[EXERCISE INPUT Boundary: Start]

(* Let $a>0$ and assume that for every $t\in[0,T]$, $(b,\Sigma,F)\in\Theta_t$ implies $b^T\Sigma^{-1}b\le2q_t(1-\log q_t)$. For any $\theta\in\Theta$ and $\Pi\in\mathfrak A^\Pi_0$, the maximizer of $D\mapsto H(\Pi,D,\theta)$ over $\mathfrak A^D_0$ is $D^*_t=q_t\int_t^Th_s^{\theta_s}(\Pi_s)ds$, $t\in[0,T]$, and the maximum value is \[ H(\Pi,D^*,\theta)=\frac1a\Big(1-(T+1)\exp\Big(-\frac a{T+1}\int_0^Th_s^{\theta_s}(\Pi_s)ds\Big)\Big). \]
   Context: Fix $T>0$, $d\ge1$, $\varepsilon\in(0,2]$. Let $\mathbb{S}^d_+$ be the symmetric positive definite $d\times d$ matrices, $\mathcal L$ the Lévy measures on $\mathbb{R}^d$, with $d^\varepsilon_{\mathcal L}(\mu,\nu)=\sup\int f\,d(\tilde\mu-\tilde\nu)$, $\tilde\mu(A)=\int_A(|z|^{2-\varepsilon}\wedge1)\mu(dz)$, sup over bounded continuous $f$ with $\sup_{z\neq\hat z}[|f(z)|\vee|f(z)-f(\hat z)|/|z-\hat z|^{\varepsilon\wedge1}]\le1$. $\mathcal C\subset\mathbb{R}^d\times\mathbb{S}^d_+\times\mathcal L$ is compact for $d_{\mathcal C}=|y-\hat y|\vee\|M-\hat M\|_2\vee d^\varepsilon_{\mathcal L}(\mu,\hat\mu)$; $\Theta:[0,T]\twoheadrightarrow\mathcal C$ is a weakly measurable correspondence with closed convex values, and $\Theta$ also denotes the set of Borel $\theta:[0,T]\to\mathcal C$ with $\theta_t\in\Theta_t$. Assume $\mathbf S_t=\bigcup_{(y,M,\mu)\in\Theta_t}\mathrm{supp}(\mu)$ is closed, there is $\kappa_t>0$ with $\{|z|\le\kappa_t^{-1}\}\subseteq\mathrm{Conv}(\mathbf S_t\cup\{0\})\subseteq\{|z|\le\kappa_t\}$, and $|y|\vee\|M\|_2\vee d^\varepsilon_{\mathcal L}(\mu,0)\le\kappa_t$ on $\Theta_t$. $U(x)=-e^{-ax}/a$, $q_t=(T-t+1)^{-1}$; $\mathfrak A^\Pi_0$ = Borel $\Pi:[0,T]\to\mathbb{R}^d$, $\mathfrak A^D_0$ = Borel $D:[0,T]\to\mathbb{R}$. Local kernel $h_t^{(y,M,\mu)}(x)=x^Ty-\frac12aq_tx^TMx+\int(\frac{e^{-aq_tx^Tz}}{-aq_t}+\frac1{aq_t}-x^Tz)\mu(dz)$. Global kernel $H(\Pi,D,\theta)=\int_0^T\exp\big(\int_0^t-aq_s(h_s^{\theta_s}(\Pi_s)-D_s)ds\big)\big(q_t(h_t^{\theta_t}(\Pi_t)-D_t)+U(D_t)\big)dt$. *)

theory Defs
  imports "HOL-Analysis.Analysis"
begin

text \<open>Triples (y, M, mu): drift vector, covariance matrix, Levy measure on R^d,
  where R^d is rendered as real^'n for a finite index type 'n.\<close>

type_synonym 'n triple = "(real^'n) \<times> (real^'n^'n) \<times> (real^'n) measure"

definition qf :: "real \<Rightarrow> real \<Rightarrow> real" where
  "qf T t = 1 / (T - t + 1)"

definition Uexp :: "real \<Rightarrow> real \<Rightarrow> real" where
  "Uexp a x = - exp (- a * x) / a"

definition tilde :: "real \<Rightarrow> (real^'n::finite) measure \<Rightarrow> (real^'n) measure" where
  "tilde eps mu = density mu (\<lambda>z. ennreal (min (norm z powr (2 - eps)) 1))"

text \<open>Levy measures on R^d (for which tilde mu is finite, so that d_L is defined).\<close>
definition levy_eps :: "real \<Rightarrow> (real^'n::finite) measure \<Rightarrow> bool" where
  "levy_eps eps mu \<longleftrightarrow> sets mu = sets borel \<and> emeasure mu {0} = 0
     \<and> (\<integral>\<^sup>+ z. ennreal (min ((norm z)\<^sup>2) 1) \<partial>mu) < \<infinity>
     \<and> emeasure (tilde eps mu) (space mu) < \<infinity>"

definition test_fun :: "real \<Rightarrow> (real^'n \<Rightarrow> real) \<Rightarrow> bool" where
  "test_fun eps f \<longleftrightarrow> continuous_on UNIV f \<and> bounded (range f)
     \<and> (\<forall>z. \<bar>f z\<bar> \<le> 1)
     \<and> (\<forall>z z'. z \<noteq> z' \<longrightarrow> \<bar>f z - f z'\<bar> \<le> dist z z' powr (min eps 1))"

definition dL :: "real \<Rightarrow> (real^'n::finite) measure \<Rightarrow> (real^'n) measure \<Rightarrow> real" where
  "dL eps mu nu = (SUP f \<in> {f. test_fun eps f}.
      (\<integral>z. f z \<partial>(tilde eps mu)) - (\<integral>z. f z \<partial>(tilde eps nu)))"

definition mnorm2 :: "real^'n^'n \<Rightarrow> real" where
  "mnorm2 M = onorm (\<lambda>x. M *v x)"

definition sym_pd :: "real^'n^'n \<Rightarrow> bool" where
  "sym_pd M \<longleftrightarrow> transpose M = M \<and> (\<forall>x. x \<noteq> 0 \<longrightarrow> x \<bullet> (M *v x) > 0)"

definition dC :: "real \<Rightarrow> ('n::finite) triple \<Rightarrow> ('n::finite) triple \<Rightarrow> real" where
  "dC eps p p' = max (dist (fst p) (fst p'))
      (max (mnorm2 (fst (snd p) - fst (snd p'))) (dL eps (snd (snd p)) (snd (snd p'))))"

definition Cspace :: "real \<Rightarrow> ('n::finite) triple set" where
  "Cspace eps = {(y, M, mu). sym_pd M \<and> levy_eps eps mu}"

definition dC_open :: "real \<Rightarrow> ('n::finite) triple set \<Rightarrow> ('n::finite) triple set \<Rightarrow> bool" where
  "dC_open eps C U \<longleftrightarrow> U \<subseteq> C \<and>
     (\<forall>p\<in>U. \<exists>r>0. \<forall>p'\<in>C. dC eps p p' < r \<longrightarrow> p' \<in> U)"

definition dC_compact :: "real \<Rightarrow> ('n::finite) triple set \<Rightarrow> bool" where
  "dC_compact eps C \<longleftrightarrow> (\<forall>(y, M, mu)\<in>C. sym_pd M \<and> levy_eps eps mu) \<and>
     (\<forall>s::nat \<Rightarrow> 'n triple. (\<forall>n. s n \<in> C) \<longrightarrow>
        (\<exists>(r::nat \<Rightarrow> nat) p. strict_mono r \<and> p \<in> C \<and> (\<lambda>n. dC eps (s (r n)) p) \<longlonglongrightarrow> 0))"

[EXERCISE INPUT Boundary: End]

◆ YOUR INSTRUCTIONS
Search the entries above for "dist". Return every line that has it.

◆ ANSWER TO THE EXERCISE
     \<and> (\<forall>z z'. z \<noteq> z' \<longrightarrow> \<bar>f z - f z'\<bar> \<le> dist z z' powr (min eps 1))"
  "dC eps p p' = max (dist (fst p) (fst p'))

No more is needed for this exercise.